What is being asked: Scan the data below for lines holding the word "noteq", and copy each line found.

Saved data entries
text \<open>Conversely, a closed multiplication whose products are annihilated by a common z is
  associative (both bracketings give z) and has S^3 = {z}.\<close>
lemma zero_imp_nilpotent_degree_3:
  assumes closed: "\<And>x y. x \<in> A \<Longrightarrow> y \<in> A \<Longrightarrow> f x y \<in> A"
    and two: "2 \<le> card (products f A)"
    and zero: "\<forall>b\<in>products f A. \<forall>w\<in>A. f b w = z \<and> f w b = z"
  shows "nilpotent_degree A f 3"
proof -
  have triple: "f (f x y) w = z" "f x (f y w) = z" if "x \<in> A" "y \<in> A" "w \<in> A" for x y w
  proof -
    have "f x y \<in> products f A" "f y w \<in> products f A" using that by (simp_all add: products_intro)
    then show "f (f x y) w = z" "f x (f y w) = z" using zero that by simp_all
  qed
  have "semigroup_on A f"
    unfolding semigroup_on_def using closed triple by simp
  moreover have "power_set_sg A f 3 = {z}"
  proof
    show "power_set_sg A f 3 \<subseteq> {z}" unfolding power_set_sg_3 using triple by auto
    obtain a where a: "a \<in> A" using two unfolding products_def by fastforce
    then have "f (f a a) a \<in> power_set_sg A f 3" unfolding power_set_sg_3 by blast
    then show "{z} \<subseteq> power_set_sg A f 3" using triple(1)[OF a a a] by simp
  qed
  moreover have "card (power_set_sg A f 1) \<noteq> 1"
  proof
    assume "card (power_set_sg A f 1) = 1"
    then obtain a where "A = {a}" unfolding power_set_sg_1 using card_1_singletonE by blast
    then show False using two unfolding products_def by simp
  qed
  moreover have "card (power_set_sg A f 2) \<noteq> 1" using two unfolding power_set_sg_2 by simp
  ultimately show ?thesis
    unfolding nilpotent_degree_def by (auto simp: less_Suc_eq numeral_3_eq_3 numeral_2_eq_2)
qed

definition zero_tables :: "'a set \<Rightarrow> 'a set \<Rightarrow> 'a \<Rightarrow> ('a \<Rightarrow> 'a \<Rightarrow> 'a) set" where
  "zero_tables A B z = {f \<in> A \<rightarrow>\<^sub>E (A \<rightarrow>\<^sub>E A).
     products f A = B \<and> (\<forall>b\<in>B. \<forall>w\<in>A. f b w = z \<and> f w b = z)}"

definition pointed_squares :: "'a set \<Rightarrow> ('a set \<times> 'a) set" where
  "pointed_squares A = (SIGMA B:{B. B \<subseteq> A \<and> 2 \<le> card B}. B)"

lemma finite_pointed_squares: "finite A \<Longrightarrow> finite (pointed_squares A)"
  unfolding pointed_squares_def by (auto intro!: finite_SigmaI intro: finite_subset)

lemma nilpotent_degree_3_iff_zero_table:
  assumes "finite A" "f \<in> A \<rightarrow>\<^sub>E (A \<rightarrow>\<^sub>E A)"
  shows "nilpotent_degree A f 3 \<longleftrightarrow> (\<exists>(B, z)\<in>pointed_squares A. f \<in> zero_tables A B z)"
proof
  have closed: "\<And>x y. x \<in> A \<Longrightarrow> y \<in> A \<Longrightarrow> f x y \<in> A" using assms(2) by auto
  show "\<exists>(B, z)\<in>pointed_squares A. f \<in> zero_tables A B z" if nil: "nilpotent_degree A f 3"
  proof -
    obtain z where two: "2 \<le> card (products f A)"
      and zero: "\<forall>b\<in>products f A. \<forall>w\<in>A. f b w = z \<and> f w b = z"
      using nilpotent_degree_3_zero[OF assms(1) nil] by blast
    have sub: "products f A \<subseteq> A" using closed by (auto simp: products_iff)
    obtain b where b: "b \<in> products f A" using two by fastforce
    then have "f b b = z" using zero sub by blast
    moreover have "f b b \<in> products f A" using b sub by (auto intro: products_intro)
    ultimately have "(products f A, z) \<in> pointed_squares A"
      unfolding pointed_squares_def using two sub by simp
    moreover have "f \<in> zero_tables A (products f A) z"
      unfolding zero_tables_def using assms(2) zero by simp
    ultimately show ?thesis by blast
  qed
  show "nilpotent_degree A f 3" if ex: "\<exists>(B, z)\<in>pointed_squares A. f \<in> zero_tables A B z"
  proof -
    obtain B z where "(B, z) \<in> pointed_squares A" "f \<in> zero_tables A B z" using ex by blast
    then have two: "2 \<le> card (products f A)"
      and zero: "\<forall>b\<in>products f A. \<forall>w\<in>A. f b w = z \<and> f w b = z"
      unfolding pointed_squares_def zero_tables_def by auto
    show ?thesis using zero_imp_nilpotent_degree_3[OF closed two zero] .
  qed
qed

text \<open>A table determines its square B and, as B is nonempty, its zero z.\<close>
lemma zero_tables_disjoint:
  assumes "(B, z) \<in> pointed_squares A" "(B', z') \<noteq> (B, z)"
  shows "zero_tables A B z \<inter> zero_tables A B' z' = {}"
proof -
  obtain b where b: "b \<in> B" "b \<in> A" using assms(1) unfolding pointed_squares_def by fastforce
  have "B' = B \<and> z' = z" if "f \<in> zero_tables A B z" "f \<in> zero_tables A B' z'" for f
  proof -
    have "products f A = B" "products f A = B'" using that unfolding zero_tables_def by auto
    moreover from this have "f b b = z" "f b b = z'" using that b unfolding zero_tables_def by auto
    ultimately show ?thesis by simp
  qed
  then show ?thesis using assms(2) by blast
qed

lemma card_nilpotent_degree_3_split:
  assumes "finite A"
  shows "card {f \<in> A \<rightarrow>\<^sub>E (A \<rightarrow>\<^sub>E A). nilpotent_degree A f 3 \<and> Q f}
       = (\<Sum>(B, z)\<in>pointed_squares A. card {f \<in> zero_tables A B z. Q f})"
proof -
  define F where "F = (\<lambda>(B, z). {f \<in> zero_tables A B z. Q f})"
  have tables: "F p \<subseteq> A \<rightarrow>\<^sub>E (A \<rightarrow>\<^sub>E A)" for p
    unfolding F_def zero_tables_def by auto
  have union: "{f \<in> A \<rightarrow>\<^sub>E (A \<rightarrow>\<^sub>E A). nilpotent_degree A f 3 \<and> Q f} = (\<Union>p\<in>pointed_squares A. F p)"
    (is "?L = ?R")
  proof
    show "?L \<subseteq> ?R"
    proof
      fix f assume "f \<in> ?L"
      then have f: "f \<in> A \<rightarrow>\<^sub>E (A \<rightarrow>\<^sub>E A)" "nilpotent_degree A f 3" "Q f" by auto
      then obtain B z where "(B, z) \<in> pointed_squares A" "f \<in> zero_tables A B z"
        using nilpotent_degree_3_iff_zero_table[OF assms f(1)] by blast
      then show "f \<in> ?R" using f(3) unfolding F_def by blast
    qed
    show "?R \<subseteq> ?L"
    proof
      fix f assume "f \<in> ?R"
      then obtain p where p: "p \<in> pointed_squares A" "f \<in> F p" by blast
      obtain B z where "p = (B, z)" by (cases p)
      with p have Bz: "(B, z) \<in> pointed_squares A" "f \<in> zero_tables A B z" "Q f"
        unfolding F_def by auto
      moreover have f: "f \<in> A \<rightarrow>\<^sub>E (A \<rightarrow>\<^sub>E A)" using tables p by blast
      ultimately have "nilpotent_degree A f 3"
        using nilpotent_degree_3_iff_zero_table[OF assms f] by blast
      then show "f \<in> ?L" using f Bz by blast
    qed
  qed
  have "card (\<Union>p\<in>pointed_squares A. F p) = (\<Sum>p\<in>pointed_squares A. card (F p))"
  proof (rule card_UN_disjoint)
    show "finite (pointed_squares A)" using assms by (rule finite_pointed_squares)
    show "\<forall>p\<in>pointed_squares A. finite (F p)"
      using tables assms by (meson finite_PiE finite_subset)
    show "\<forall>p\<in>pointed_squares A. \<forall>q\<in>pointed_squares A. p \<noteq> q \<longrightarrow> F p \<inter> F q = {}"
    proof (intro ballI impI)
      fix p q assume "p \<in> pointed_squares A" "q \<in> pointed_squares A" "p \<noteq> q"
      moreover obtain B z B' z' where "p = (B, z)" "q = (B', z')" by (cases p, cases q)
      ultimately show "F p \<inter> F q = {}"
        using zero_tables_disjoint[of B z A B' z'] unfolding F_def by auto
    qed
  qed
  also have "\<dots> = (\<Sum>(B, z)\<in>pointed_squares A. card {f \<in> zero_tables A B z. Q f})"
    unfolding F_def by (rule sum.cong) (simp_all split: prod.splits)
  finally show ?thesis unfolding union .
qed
* * *
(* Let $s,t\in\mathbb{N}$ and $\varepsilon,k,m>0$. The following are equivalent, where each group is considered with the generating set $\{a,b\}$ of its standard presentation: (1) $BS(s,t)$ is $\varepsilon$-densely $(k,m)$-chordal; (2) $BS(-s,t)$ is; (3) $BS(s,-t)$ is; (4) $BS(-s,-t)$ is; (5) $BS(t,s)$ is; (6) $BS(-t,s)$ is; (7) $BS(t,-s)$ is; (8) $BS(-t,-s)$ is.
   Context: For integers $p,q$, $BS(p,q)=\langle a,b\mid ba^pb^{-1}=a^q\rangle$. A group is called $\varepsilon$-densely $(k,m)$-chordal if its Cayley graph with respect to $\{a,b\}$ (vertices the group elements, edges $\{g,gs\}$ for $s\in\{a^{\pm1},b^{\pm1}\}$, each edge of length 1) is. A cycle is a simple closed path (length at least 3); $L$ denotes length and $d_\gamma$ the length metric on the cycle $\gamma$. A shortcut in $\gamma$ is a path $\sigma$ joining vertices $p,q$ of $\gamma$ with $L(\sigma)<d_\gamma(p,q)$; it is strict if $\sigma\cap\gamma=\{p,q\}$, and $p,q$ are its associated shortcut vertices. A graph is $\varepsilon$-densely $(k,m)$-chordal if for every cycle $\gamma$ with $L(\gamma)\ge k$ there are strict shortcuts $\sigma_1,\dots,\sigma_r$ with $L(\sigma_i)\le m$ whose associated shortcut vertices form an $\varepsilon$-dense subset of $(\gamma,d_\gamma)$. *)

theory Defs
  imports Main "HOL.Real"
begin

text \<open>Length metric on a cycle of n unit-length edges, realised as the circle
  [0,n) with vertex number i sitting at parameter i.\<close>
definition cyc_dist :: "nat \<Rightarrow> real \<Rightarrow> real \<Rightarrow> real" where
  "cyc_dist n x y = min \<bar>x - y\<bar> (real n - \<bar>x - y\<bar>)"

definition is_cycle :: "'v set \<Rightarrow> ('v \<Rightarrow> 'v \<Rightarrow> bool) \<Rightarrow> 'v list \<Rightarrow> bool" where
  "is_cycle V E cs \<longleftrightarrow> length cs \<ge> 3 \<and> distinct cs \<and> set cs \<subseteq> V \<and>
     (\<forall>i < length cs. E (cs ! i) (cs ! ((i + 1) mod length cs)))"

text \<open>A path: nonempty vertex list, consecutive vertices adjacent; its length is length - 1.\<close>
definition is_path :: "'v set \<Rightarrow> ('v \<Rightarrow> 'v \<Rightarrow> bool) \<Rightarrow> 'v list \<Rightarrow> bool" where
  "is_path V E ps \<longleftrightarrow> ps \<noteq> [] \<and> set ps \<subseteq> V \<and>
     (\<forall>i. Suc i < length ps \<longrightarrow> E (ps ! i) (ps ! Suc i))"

Exercise answer:
  moreover have "card (power_set_sg A f 1) \<noteq> 1"
  moreover have "card (power_set_sg A f 2) \<noteq> 1" using two unfolding power_set_sg_2 by simp
  assumes "(B, z) \<in> pointed_squares A" "(B', z') \<noteq> (B, z)"
    show "\<forall>p\<in>pointed_squares A. \<forall>q\<in>pointed_squares A. p \<noteq> q \<longrightarrow> F p \<inter> F q = {}"
      fix p q assume "p \<in> pointed_squares A" "q \<in> pointed_squares A" "p \<noteq> q"
  "is_path V E ps \<longleftrightarrow> ps \<noteq> [] \<and> set ps \<subseteq> V \<and>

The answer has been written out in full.